Insatiable Tarrare (1772 – 1798) was a French showman and soldier who was noted for his unusual eating habits. He was said to have an incredibly large mouth with stained teeth and supposedly had a visible vapor rising off of his body. Able to eat vast amounts of meat, he was constantly hungry. His parents could not provide for him, and he was turned out of the family home as a teenager. He moved to Paris where he worked as a street performer.

He ate any and everything, including live animals, stones, silverware, anything he could get his hands on. At the start of the War of the First Coalition, Tarrare joined the French Revolutionary Army. With military rations unable to satisfy his large appetite, he would eat any available food from gutters and garbage, but his condition still deteriorated through hunger. The French military even tried employing him as a courier to smuggle documents by eating them. On his first mission, he was captured by Prussian forces, severely beaten and underwent a mock execution before being returned to French lines.

No doctor was able to find a cause or a cure to his appetite. He was eventually kicked out of the military hospital where they were studying him, after being suspected of eating a toddler (14 months old). He was ejected from the hospital since they caught him trying to eat dead bodies in the morgue on several occasions. He reappeared four years later in Versailles suffering from severe tuberculosis, and died shortly afterward, following a lengthy bout of exudative diarrhea.

1Invisible Force Field Mystery

Force Field

David Swenson of 3M Corporation described an anomaly where workers encountered a strange “invisible wall” in the area under a fast-moving sheet of electrically charged polypropylene film in a factory. This “invisible wall” was strong enough to prevent humans from passing through.
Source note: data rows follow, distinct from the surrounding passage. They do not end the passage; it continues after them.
(* Let $n$ be odd, $k\ge3$, and let $f(x)=a_0(x)+2a_1(x)+\cdots+2^{k-1}a_{k-1}(x)$ from $\mathbb{V}_n$ to $\mathbb{Z}_{2^k}$ be gbent. Then its generalized Gray map $\psi(f):\mathbb{V}_n\times\mathbb{F}_2^{k-1}\to\mathbb{F}_2$, $\psi(f)(x,y_0,\ldots,y_{k-2})=\bigoplus_{i=0}^{k-2}a_i(x)y_i\oplus a_{k-1}(x)$, is $(k-2)$-plateaued, i.e. $\mathcal{W}_{\psi(f)}(w)\in\{0,\pm2^{\frac{n+1}{2}+k-2}\}$ for all $w\in\mathbb{V}_n\times\mathbb{F}_2^{k-1}$.
   Context: $\mathbb{V}_n$ is an $n$-dimensional $\mathbb{F}_2$-vector space with inner product $u\cdot x$; on $\mathbb{V}_n\times\mathbb{F}_2^{k-1}$ use the inner product $(u,z)\cdot(x,y)=u\cdot x\oplus z\cdot y$. $\mathcal{W}_F(w)=\sum_v(-1)^{F(v)\oplus w\cdot v}$. A Boolean function in $N$ variables is $s$-plateaued if its Walsh values lie in $\{0,\pm2^{(N+s)/2}\}$. $f$ is gbent if $|\sum_x\zeta_{2^k}^{f(x)}(-1)^{u\cdot x}|=2^{n/2}$ for all $u$, $\zeta_{2^k}=e^{2\pi i/2^k}$. *)

theory Defs
  imports "HOL-Analysis.Analysis"
begin

definition vecs :: "nat \<Rightarrow> bool list set" where
  "vecs N = {xs. length xs = N}"

definition ip :: "bool list \<Rightarrow> bool list \<Rightarrow> bool" where
  "ip u x = odd (\<Sum>i<length u. (if u ! i \<and> x ! i then 1 else 0 :: nat))"

definition walsh :: "nat \<Rightarrow> (bool list \<Rightarrow> bool) \<Rightarrow> bool list \<Rightarrow> int" where
  "walsh N F w = (\<Sum>v\<in>vecs N. (-1::int) ^ (if F v \<noteq> ip w v then 1 else 0))"

definition plateaued :: "nat \<Rightarrow> nat \<Rightarrow> (bool list \<Rightarrow> bool) \<Rightarrow> bool" where
  "plateaued N s F \<longleftrightarrow> (\<forall>w\<in>vecs N. real_of_int (walsh N F w) \<in>
      {0, 2 powr ((real N + real s) / 2), - (2 powr ((real N + real s) / 2))})"

text \<open>Generalized bent: f : V_n \<rightarrow> Z_{2^k} (values taken as naturals below 2^k).\<close>
definition gbent :: "nat \<Rightarrow> nat \<Rightarrow> (bool list \<Rightarrow> nat) \<Rightarrow> bool" where
  "gbent n k f \<longleftrightarrow> (\<forall>u\<in>vecs n.
     cmod (\<Sum>x\<in>vecs n. (cis (2 * pi / 2 ^ k)) ^ (f x) * (-1) ^ (if ip u x then 1 else 0))
       = 2 powr (real n / 2))"

definition digit :: "(bool list \<Rightarrow> nat) \<Rightarrow> nat \<Rightarrow> bool list \<Rightarrow> bool" where
  "digit f i x = odd (f x div 2 ^ i)"

text \<open>Generalized Gray map psi(f) on V_n x F_2^(k-1), where a pair (x,y) is represented by the
  concatenation x @ y (so the product inner product is the standard one on length n+k-1 lists).\<close>
definition gray :: "nat \<Rightarrow> nat \<Rightarrow> (bool list \<Rightarrow> nat) \<Rightarrow> bool list \<Rightarrow> bool" where
  "gray n k f v = (odd (\<Sum>i<k - 1. (if digit f i (take n v) \<and> v ! (n + i) then 1 else 0 :: nat))
                    \<noteq> digit f (k - 1) (take n v))"

end

theory Submission
  imports Defs "HOL-Computational_Algebra.Polynomial_Factorial"
begin

text \<open>Let \<open>zeta = exp (2 pi i / 2^k)\<close> and \<open>M = 2^(k-1)\<close>. Summing out the \<open>y\<close>-variables, the
  Walsh coefficient of \<open>psi(f)\<close> at \<open>(u, z)\<close> is \<open>2^(k-1)\<close> times the sum of
  \<open>(-1)^(a_(k-1)(x) + u.x)\<close> over a fibre \<open>f(x) = c (mod M)\<close>, and these fibre sums are exactly the
  coordinates of the gbent sum \<open>H = \<Sum>x. zeta^f(x) (-1)^(u.x)\<close> in the basis \<open>1, zeta, ..., zeta^(M-1)\<close>
  of \<open>Z[zeta]\<close>. For odd \<open>n = 2h + 1\<close> the norm \<open>H * cnj H = 2^n\<close> has odd exponent; since \<open>2\<close> is
  totally ramified, \<open>(2) = (1 - zeta)^M\<close>, this forces \<open>H = 2^h w\<close> with \<open>w * cnj w = 2\<close>. All Galois
  conjugates of \<open>w\<close> then have norm \<open>2\<close> as well, so by Parseval the squares of the coordinates of
  \<open>w\<close> sum to \<open>2\<close>: each coordinate lies in \<open>{-1, 0, 1}\<close>.\<close>

section \<open>Irreducibility of \<open>X^(2^j) + 1\<close> over the integers\<close>

lemma X_minus_1_power_two_power_mod_2:
  "\<exists>T. [:-1, 1::int:] ^ 2 ^ i = monom 1 (2 ^ i) + 1 + (T + T)"
proof (induction i)
  case 0
  have "[:-1, 1::int:] = [:0, 1:] + 1 + ([:-1:] + [:-1:])" by (simp add: one_pCons)
  thus ?case by (intro exI[of _ "[:-1:]"]) (simp add: monom_Suc)
next
  case (Suc i)
  then obtain T where T: "[:-1, 1::int:] ^ 2 ^ i = monom 1 (2 ^ i) + 1 + (T + T)" by blast
  let ?X = "monom (1::int) (2 ^ i)"
  have "[:-1, 1::int:] ^ 2 ^ Suc i = ([:-1, 1:] ^ 2 ^ i) * ([:-1, 1:] ^ 2 ^ i)"
    by (simp add: power_mult[symmetric] mult_2 power_add)
  also have "\<dots> = ?X * ?X + 1 + ((?X + (T + T) * (?X + 1) + (T + T) * T)
                                  + (?X + (T + T) * (?X + 1) + (T + T) * T))"
    unfolding T by (simp add: algebra_simps)
  also have "?X * ?X = monom 1 (2 ^ Suc i)" by (simp add: mult_monom mult_2)
  finally show ?case by blast
qed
A person near this “wall” was unable to turn, and so had to walk backward to retreat from it.

This occurred in late summer in South Carolina, August 1980, in extremely high humidity. Polypropylene (PP) film on 50K ft. rolls 20ft wide were being slitten and transferred to multiple smaller spools. The film was taken off the main roll at high speed, flowed upwards 20ft to overhead rollers, passed horizontally 20ft and then downwards to the slitting device, where it was spooled onto shorter rolls. The whole operation formed a cubical shaped tent, with two walls and a ceiling approximately 20ft square. The spools ran at 1000ft/min, or about 10MPH. The PP film had been manufactured with a dissimilar surface structure on opposing faces. Contact electrification can occur even in similar materials if the surface textures or micro-structures are significantly different. The generation of a large imbalance of electrical surface charge during unspooling was therefore not unexpected and is a common problem in this industry.

On entering the factory floor and far from the equipment, Mr. Swenson’s 200KV/ft handheld electrometer was found to slam to full scale. When he attempted to walk through the corridor formed by the moving film, he was stopped about half way through by an “invisible wall.” He could lean all his weight forward but was unable to pass. He observed a fly get pulled into the charged, moving plastic, and speculates that the e-fields might have been strong enough to suck in birds.